Dataset entries:
^^^^^^^^
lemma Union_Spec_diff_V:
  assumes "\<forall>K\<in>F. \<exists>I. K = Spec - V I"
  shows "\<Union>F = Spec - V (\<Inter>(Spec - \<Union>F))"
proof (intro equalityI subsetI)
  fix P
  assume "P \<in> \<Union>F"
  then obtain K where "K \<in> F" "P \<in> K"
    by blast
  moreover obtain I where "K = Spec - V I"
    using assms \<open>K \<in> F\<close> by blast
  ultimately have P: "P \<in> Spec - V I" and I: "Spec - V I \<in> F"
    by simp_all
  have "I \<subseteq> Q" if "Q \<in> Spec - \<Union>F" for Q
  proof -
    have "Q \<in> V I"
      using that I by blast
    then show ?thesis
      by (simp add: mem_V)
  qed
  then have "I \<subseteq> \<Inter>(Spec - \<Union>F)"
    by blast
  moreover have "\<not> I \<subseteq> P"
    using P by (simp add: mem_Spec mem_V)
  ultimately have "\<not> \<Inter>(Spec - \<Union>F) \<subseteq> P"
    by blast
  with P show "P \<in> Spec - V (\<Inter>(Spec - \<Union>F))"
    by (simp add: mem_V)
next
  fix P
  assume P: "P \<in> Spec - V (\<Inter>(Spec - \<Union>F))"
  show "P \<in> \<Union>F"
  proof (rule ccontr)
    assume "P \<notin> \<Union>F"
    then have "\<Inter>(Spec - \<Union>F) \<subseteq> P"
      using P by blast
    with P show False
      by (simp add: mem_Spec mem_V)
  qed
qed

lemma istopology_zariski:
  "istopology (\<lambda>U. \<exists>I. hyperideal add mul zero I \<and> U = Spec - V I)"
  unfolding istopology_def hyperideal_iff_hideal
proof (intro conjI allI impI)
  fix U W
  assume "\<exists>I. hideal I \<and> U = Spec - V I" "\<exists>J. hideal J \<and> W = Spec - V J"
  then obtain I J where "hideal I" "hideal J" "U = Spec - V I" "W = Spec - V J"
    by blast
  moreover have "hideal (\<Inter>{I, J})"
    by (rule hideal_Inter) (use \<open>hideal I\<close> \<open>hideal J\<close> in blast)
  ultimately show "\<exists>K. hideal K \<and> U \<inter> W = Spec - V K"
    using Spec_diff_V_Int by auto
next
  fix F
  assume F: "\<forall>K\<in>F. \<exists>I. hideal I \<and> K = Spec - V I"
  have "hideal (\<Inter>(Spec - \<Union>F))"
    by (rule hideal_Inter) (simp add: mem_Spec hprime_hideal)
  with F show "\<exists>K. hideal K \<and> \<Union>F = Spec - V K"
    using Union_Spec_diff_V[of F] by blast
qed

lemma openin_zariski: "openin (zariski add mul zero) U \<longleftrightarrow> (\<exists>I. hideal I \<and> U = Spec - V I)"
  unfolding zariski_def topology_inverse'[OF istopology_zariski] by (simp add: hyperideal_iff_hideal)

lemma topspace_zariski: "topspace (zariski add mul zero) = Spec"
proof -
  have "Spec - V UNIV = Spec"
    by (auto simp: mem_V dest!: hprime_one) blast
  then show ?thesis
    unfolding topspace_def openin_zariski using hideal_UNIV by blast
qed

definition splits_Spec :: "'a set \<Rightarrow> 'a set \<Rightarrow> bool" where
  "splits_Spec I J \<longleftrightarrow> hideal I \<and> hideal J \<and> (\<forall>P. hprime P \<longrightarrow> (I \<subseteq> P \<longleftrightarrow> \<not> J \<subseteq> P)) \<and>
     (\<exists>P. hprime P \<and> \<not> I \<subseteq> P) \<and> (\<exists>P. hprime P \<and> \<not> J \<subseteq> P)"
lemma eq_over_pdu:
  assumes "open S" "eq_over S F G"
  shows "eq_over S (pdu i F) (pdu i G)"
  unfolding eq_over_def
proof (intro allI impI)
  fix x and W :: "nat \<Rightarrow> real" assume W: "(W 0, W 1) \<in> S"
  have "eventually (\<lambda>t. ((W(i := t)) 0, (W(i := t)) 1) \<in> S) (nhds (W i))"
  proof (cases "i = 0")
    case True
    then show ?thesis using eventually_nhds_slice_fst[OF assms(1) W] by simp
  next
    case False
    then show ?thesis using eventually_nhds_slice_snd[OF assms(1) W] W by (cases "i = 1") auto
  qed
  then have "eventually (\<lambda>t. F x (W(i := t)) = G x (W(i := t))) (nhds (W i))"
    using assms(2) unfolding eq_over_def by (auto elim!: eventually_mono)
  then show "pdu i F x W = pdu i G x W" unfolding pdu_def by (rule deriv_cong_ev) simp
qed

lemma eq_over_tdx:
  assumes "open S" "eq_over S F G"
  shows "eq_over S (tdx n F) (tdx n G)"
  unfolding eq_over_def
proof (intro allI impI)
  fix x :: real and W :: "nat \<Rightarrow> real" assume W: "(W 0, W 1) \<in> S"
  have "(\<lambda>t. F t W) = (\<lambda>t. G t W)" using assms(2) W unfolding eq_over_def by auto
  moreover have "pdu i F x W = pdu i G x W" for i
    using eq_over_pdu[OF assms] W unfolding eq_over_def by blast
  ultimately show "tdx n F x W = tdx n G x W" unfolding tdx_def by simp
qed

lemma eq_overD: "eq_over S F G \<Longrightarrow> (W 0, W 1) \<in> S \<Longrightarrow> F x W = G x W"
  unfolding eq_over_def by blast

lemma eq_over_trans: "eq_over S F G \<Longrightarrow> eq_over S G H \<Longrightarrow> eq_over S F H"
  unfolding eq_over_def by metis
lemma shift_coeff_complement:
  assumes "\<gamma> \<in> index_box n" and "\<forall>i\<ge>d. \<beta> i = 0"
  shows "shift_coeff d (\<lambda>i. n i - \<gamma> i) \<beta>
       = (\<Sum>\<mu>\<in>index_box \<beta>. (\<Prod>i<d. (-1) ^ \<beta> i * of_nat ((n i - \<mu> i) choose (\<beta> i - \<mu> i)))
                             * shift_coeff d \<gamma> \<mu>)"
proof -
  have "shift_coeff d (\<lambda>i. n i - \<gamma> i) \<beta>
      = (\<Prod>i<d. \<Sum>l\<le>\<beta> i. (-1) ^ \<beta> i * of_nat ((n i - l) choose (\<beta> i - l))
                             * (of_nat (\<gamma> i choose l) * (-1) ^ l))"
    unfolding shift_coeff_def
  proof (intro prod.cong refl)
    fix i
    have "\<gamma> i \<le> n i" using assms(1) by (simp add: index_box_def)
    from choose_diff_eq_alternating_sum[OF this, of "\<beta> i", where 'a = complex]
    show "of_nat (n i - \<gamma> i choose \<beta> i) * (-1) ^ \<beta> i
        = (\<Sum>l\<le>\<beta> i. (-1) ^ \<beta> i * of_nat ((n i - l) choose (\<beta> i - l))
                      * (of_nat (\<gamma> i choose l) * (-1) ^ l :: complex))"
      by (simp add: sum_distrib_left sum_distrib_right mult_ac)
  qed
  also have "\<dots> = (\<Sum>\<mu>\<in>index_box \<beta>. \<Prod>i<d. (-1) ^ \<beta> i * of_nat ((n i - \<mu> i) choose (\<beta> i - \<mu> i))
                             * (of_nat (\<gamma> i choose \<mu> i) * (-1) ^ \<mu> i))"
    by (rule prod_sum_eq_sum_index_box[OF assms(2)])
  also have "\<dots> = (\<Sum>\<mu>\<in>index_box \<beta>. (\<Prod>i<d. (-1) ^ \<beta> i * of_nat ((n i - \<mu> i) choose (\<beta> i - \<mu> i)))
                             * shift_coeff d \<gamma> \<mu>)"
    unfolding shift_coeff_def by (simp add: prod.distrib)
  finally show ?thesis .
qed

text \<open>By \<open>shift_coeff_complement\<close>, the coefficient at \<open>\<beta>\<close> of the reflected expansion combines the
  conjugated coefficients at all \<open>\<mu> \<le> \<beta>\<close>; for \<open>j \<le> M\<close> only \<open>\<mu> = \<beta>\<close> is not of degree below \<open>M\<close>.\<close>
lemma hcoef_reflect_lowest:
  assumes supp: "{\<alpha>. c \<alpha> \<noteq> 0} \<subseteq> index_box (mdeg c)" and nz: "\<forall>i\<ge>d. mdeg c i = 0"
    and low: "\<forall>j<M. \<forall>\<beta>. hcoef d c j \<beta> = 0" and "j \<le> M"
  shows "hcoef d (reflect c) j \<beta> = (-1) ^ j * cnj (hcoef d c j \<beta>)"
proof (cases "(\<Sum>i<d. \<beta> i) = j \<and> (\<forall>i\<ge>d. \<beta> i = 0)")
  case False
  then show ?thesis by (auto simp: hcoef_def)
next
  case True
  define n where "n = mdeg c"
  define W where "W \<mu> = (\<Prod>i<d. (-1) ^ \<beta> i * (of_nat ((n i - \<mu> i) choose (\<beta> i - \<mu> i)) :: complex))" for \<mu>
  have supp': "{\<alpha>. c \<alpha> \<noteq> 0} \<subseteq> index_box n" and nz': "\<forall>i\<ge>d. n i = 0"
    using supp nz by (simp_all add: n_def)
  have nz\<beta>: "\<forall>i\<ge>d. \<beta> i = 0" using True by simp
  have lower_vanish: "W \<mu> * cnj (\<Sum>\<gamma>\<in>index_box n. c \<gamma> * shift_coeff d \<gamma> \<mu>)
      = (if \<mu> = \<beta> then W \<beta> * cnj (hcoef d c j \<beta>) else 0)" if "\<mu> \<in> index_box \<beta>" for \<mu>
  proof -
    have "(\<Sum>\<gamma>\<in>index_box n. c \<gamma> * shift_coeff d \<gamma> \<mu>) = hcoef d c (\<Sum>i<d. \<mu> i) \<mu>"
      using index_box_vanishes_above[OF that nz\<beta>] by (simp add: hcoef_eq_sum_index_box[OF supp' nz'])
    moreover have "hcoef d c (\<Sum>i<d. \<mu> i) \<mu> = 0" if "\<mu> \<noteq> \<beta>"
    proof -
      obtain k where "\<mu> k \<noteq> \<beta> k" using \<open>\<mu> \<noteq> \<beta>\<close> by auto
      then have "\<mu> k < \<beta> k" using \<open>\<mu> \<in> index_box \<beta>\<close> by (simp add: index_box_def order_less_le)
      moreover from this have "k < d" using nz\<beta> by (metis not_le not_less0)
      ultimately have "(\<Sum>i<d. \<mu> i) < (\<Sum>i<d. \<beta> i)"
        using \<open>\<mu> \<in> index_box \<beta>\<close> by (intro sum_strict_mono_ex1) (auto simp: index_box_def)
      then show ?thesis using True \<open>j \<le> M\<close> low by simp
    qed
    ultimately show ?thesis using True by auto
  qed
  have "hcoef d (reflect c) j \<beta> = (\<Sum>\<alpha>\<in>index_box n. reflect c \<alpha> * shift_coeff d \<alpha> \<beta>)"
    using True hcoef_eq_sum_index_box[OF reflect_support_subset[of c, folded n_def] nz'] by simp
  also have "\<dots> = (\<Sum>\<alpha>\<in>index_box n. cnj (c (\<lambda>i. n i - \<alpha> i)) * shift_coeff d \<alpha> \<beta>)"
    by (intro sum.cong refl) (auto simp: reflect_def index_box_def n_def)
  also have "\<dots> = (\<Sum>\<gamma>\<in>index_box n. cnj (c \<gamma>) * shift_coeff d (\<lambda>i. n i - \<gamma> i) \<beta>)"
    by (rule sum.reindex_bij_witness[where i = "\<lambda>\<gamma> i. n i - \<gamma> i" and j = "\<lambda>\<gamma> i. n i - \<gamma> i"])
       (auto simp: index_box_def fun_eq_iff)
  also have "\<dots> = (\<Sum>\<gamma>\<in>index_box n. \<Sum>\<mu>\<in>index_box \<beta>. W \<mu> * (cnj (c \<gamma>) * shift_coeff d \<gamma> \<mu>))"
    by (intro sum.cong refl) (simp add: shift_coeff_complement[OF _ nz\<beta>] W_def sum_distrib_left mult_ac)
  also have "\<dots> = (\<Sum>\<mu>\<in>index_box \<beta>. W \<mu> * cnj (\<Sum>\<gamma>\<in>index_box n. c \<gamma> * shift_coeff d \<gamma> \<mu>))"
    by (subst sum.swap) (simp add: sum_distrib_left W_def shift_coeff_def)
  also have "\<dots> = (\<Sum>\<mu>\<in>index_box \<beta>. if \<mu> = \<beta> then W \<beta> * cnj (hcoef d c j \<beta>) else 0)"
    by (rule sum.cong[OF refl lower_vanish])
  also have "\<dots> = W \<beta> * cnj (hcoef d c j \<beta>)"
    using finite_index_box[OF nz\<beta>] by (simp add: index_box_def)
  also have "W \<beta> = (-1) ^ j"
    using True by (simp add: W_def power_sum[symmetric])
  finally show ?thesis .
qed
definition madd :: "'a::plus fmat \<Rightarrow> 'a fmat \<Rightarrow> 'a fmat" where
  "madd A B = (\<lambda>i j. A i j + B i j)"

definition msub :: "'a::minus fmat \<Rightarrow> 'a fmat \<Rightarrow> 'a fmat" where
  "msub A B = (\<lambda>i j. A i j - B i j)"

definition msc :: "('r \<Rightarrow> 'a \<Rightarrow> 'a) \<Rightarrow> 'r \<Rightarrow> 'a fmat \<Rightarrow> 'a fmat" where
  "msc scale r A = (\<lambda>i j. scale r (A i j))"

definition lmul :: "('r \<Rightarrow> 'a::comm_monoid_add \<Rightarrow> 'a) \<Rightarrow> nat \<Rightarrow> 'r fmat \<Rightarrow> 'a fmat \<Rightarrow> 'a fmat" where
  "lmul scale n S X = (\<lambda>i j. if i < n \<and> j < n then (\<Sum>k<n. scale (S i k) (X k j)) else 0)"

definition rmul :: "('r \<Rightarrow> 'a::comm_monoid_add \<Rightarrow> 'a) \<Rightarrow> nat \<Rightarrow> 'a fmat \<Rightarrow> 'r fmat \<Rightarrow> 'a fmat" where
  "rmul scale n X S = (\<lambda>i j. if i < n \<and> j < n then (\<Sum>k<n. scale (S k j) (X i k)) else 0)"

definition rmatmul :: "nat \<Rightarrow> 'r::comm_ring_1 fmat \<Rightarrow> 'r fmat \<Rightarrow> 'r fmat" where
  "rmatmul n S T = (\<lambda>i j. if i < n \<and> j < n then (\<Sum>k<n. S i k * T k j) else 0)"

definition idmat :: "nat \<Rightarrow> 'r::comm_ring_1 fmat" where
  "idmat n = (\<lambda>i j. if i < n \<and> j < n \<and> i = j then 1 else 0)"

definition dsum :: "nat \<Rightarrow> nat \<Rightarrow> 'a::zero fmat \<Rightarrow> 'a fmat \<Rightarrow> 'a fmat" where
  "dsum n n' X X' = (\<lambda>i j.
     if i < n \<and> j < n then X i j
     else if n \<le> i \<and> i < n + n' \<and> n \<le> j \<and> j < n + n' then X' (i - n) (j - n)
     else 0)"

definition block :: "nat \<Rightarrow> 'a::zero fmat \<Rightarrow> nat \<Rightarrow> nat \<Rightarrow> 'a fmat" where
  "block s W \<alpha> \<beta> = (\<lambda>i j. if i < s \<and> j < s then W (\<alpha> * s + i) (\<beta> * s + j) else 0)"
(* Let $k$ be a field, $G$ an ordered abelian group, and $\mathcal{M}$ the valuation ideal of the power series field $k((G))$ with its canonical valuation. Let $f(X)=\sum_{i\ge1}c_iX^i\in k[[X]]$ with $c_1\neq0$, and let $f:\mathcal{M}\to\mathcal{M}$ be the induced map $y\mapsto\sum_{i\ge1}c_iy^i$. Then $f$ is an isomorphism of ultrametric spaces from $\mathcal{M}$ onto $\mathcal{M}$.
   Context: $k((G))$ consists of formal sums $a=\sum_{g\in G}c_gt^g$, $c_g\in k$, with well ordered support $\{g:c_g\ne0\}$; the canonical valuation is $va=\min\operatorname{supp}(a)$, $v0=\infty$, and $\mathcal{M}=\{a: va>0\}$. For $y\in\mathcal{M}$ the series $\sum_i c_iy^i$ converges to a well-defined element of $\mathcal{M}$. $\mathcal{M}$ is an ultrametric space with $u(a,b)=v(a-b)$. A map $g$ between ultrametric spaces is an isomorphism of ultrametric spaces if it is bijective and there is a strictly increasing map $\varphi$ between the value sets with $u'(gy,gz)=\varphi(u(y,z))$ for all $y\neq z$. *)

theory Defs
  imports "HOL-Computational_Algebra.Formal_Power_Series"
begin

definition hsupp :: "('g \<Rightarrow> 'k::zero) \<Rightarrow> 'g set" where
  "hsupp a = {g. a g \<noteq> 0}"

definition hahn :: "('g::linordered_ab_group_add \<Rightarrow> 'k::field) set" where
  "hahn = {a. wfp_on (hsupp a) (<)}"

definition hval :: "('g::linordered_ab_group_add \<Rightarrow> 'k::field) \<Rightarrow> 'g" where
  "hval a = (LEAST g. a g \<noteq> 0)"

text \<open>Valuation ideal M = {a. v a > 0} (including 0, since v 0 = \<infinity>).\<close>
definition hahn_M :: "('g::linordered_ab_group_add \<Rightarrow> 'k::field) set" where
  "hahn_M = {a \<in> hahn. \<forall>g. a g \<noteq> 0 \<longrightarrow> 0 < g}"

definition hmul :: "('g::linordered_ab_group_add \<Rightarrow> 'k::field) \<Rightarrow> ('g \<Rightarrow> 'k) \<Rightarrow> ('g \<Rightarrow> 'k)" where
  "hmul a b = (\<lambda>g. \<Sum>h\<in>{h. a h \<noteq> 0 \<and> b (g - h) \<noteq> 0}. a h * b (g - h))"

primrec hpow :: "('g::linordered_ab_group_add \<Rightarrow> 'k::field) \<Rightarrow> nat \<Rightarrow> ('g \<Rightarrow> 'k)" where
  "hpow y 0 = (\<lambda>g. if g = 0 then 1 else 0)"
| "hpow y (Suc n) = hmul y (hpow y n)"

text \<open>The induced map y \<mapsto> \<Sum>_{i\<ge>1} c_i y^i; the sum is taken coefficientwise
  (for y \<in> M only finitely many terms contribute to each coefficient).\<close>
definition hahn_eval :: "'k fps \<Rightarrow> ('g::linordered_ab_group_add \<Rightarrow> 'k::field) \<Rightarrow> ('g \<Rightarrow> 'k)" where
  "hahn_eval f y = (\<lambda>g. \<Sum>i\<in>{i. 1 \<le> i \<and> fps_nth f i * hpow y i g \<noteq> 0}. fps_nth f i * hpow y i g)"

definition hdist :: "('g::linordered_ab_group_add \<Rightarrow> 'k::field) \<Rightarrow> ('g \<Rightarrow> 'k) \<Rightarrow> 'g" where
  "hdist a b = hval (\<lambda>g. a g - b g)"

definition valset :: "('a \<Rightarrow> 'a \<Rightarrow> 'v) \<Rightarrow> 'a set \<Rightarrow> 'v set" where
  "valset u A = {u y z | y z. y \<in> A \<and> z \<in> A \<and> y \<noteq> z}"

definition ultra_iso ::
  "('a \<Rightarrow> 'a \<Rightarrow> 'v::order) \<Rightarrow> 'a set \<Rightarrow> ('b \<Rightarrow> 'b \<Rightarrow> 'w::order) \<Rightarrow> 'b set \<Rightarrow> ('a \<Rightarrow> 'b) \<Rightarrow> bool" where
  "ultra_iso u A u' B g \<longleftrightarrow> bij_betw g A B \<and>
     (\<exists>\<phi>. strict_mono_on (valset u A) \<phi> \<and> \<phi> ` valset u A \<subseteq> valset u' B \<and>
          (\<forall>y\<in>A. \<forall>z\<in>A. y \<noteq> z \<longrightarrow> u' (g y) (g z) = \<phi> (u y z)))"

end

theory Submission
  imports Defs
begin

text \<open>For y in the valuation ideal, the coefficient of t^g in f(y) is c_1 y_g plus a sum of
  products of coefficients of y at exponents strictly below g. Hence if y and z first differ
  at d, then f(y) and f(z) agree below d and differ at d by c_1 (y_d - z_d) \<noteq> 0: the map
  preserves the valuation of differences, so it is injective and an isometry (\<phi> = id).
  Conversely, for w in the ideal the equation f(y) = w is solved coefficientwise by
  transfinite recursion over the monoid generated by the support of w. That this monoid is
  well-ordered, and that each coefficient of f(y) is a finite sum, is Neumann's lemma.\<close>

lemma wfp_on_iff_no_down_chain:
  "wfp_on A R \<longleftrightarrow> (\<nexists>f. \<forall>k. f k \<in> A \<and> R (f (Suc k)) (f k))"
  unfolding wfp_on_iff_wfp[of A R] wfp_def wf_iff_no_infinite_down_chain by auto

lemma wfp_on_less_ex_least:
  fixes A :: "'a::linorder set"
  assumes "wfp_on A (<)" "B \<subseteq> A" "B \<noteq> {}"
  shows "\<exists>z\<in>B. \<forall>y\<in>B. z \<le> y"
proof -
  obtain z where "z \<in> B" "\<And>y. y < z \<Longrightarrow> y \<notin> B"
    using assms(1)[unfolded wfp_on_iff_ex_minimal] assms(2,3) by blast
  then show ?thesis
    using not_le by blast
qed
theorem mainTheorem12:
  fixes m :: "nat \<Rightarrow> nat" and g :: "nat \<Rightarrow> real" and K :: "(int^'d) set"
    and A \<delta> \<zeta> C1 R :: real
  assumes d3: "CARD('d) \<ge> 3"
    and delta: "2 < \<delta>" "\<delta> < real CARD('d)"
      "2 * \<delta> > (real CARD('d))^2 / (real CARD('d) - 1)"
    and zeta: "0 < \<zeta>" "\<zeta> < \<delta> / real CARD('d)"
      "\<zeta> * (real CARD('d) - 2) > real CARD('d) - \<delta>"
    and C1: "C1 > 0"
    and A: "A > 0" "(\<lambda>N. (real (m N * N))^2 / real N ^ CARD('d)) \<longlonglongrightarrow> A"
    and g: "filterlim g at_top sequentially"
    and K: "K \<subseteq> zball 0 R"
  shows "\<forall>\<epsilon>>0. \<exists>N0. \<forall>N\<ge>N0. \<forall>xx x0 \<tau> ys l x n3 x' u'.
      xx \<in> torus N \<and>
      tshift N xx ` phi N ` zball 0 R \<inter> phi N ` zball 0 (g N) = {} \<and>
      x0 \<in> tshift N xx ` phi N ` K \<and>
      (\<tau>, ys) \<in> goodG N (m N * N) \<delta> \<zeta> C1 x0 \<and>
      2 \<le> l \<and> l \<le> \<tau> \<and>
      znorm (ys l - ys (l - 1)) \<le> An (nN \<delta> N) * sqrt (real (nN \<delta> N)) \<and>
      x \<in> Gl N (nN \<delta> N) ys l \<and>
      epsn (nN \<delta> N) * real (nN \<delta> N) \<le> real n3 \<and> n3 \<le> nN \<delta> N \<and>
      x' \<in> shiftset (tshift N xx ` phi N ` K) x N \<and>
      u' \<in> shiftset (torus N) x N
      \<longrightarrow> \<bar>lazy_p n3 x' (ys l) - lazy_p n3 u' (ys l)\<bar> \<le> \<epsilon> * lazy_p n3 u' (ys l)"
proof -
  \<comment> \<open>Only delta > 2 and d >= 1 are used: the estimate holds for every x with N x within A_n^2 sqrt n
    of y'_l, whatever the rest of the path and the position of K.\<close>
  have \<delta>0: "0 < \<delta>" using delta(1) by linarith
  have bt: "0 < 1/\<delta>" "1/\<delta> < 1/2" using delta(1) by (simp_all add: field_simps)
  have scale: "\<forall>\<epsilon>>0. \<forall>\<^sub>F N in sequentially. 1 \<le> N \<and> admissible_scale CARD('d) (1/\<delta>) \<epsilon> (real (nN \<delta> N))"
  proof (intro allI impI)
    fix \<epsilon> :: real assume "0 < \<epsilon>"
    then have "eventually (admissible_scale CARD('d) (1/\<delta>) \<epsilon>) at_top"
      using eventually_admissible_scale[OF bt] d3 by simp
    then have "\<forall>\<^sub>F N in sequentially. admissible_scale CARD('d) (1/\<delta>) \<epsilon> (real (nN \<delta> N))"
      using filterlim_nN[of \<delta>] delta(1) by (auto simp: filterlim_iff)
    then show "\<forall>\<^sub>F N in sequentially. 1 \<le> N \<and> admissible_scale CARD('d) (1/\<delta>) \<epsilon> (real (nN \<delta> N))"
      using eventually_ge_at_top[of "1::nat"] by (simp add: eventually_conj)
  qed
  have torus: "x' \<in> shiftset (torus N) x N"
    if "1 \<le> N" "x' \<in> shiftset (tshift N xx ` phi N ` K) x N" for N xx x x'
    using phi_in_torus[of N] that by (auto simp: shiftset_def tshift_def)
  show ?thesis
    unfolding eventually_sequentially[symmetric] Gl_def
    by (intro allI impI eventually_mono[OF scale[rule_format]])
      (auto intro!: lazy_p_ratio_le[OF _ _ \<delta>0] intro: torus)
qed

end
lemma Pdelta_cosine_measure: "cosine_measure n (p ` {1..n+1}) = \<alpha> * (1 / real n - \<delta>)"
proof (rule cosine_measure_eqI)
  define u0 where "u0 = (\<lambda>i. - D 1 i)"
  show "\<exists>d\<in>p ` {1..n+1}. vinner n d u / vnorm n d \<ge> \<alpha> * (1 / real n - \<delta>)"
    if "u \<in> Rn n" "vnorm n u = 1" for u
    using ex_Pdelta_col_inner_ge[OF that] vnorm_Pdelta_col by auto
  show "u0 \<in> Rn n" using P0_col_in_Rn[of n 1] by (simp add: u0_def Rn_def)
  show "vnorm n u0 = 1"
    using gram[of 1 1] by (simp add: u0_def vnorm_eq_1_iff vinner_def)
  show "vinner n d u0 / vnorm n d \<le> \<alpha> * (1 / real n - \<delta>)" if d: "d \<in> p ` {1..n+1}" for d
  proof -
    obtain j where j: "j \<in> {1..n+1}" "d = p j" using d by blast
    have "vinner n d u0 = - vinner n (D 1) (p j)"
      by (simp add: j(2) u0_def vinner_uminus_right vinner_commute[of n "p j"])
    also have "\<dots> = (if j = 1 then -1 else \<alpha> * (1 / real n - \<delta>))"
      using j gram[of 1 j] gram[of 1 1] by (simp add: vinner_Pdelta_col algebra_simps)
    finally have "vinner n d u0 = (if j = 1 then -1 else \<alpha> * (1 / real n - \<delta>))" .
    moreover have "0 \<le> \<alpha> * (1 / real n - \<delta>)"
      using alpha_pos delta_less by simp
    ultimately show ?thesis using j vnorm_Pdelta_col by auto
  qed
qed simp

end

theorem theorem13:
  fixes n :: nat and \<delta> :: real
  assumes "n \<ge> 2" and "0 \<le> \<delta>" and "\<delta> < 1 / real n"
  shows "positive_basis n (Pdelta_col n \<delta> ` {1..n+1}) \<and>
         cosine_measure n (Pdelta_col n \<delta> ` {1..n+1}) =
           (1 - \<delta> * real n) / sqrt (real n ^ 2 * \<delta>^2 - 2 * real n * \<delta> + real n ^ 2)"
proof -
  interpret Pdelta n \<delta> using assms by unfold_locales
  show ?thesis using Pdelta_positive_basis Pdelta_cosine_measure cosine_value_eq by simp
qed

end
^^^^^^^^
WORK INSTRUCTION -> Please copy each line of the entries in which the word "close" shows up.

RESULT OF THIS TASK ->
    using assms \<open>K \<in> F\<close> by blast
    by (rule hideal_Inter) (use \<open>hideal I\<close> \<open>hideal J\<close> in blast)
text \<open>By \<open>shift_coeff_complement\<close>, the coefficient at \<open>\<beta>\<close> of the reflected expansion combines the
  conjugated coefficients at all \<open>\<mu> \<le> \<beta>\<close>; for \<open>j \<le> M\<close> only \<open>\<mu> = \<beta>\<close> is not of degree below \<open>M\<close>.\<close>
      obtain k where "\<mu> k \<noteq> \<beta> k" using \<open>\<mu> \<noteq> \<beta>\<close> by auto
      then have "\<mu> k < \<beta> k" using \<open>\<mu> \<in> index_box \<beta>\<close> by (simp add: index_box_def order_less_le)
        using \<open>\<mu> \<in> index_box \<beta>\<close> by (intro sum_strict_mono_ex1) (auto simp: index_box_def)
      then show ?thesis using True \<open>j \<le> M\<close> low by simp
text \<open>Valuation ideal M = {a. v a > 0} (including 0, since v 0 = \<infinity>).\<close>
  (for y \<in> M only finitely many terms contribute to each coefficient).\<close>
  well-ordered, and that each coefficient of f(y) is a finite sum, is Neumann's lemma.\<close>
    of y'_l, whatever the rest of the path and the position of K.\<close>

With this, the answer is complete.